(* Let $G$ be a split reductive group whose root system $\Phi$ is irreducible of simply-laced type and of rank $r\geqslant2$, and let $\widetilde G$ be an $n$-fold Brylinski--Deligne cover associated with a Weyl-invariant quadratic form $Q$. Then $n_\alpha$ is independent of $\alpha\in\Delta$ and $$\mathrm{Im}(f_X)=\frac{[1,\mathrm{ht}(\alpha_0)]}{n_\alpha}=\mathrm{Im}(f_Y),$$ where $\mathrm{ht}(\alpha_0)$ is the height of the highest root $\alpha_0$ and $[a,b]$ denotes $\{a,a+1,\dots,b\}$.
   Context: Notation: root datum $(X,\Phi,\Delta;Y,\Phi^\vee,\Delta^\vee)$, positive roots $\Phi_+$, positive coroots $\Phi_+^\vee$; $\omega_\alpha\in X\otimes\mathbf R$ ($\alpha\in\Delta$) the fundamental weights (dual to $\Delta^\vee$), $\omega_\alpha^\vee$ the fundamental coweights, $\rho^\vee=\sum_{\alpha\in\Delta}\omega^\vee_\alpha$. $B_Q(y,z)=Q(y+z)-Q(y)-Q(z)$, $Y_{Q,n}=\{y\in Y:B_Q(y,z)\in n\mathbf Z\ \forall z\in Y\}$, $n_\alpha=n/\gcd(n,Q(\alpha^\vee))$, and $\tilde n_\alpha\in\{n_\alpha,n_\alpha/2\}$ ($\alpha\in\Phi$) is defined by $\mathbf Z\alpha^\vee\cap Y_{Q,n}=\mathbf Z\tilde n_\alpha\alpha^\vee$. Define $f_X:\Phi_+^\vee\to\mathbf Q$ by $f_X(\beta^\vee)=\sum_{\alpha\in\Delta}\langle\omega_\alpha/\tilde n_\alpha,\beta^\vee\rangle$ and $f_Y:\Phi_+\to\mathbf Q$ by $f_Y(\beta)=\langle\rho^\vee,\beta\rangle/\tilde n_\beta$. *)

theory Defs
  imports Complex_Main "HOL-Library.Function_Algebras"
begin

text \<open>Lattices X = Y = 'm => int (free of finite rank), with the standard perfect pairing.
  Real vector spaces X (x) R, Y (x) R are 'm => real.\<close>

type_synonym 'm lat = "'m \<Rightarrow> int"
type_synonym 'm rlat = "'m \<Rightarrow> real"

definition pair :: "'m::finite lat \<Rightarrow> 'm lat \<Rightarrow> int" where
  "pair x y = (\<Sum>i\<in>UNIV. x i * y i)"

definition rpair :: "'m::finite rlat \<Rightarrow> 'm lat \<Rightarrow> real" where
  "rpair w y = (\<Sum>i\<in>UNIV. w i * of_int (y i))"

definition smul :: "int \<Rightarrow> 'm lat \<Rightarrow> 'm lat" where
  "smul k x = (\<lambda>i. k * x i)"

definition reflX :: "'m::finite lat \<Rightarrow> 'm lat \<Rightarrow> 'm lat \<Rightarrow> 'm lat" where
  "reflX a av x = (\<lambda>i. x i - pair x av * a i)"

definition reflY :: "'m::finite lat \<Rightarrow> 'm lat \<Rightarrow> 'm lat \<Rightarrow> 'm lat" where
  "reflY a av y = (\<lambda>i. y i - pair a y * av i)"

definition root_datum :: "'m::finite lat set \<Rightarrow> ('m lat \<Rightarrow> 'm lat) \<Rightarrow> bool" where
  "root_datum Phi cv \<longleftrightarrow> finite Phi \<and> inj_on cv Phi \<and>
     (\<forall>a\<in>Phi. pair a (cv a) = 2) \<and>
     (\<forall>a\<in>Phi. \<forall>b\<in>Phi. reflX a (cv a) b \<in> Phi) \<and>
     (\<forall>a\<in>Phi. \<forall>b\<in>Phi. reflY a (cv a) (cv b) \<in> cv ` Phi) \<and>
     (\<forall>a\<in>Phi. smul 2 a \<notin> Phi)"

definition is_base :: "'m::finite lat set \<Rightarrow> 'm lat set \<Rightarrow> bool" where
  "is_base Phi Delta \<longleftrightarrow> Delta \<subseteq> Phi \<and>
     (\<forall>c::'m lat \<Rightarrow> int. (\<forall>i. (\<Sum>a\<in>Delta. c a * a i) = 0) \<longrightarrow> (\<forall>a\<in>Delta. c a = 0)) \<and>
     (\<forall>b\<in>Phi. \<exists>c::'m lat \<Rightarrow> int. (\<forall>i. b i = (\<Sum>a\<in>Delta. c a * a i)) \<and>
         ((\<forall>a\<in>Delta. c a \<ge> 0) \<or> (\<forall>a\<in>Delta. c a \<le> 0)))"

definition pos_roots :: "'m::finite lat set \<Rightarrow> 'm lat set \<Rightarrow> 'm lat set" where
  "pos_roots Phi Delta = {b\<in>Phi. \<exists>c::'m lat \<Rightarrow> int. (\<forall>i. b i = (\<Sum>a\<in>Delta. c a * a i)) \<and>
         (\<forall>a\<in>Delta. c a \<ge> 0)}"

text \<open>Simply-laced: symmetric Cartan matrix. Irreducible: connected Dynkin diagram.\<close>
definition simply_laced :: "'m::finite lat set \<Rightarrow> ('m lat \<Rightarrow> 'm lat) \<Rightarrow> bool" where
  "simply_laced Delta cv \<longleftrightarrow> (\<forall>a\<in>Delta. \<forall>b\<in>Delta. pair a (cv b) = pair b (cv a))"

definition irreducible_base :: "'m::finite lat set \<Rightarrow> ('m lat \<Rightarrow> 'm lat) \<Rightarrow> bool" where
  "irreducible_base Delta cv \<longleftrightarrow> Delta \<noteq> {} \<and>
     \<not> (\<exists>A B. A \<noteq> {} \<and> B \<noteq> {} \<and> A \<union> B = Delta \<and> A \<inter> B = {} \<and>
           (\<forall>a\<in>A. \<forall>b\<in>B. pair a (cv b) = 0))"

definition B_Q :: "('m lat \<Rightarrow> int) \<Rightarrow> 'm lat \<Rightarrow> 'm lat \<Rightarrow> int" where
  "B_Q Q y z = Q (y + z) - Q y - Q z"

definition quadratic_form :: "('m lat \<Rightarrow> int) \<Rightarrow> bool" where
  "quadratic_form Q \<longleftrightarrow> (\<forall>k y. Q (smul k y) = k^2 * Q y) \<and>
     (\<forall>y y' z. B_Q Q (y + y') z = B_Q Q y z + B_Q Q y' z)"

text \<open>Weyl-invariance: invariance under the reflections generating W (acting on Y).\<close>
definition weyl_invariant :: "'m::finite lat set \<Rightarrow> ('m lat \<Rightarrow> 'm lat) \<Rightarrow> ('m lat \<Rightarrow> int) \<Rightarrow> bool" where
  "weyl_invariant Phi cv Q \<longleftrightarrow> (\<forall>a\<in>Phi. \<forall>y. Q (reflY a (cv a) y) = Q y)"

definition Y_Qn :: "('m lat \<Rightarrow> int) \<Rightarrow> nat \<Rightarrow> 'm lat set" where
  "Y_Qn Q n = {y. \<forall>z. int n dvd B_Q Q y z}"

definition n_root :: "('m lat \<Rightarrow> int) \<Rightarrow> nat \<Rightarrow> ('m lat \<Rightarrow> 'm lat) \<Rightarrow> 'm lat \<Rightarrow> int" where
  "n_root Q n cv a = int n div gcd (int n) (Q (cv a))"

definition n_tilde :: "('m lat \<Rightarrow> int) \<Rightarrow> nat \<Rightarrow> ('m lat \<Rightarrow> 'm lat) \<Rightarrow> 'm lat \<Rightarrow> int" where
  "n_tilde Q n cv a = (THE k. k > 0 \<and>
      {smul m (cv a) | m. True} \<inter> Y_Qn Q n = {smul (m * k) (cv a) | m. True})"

● ● ●

Task directions:
Among the lines above, find those holding "close" and copy each one.

Task answer:
  Real vector spaces X (x) R, Y (x) R are 'm => real.\<close>
text \<open>Simply-laced: symmetric Cartan matrix. Irreducible: connected Dynkin diagram.\<close>
text \<open>Weyl-invariance: invariance under the reflections generating W (acting on Y).\<close>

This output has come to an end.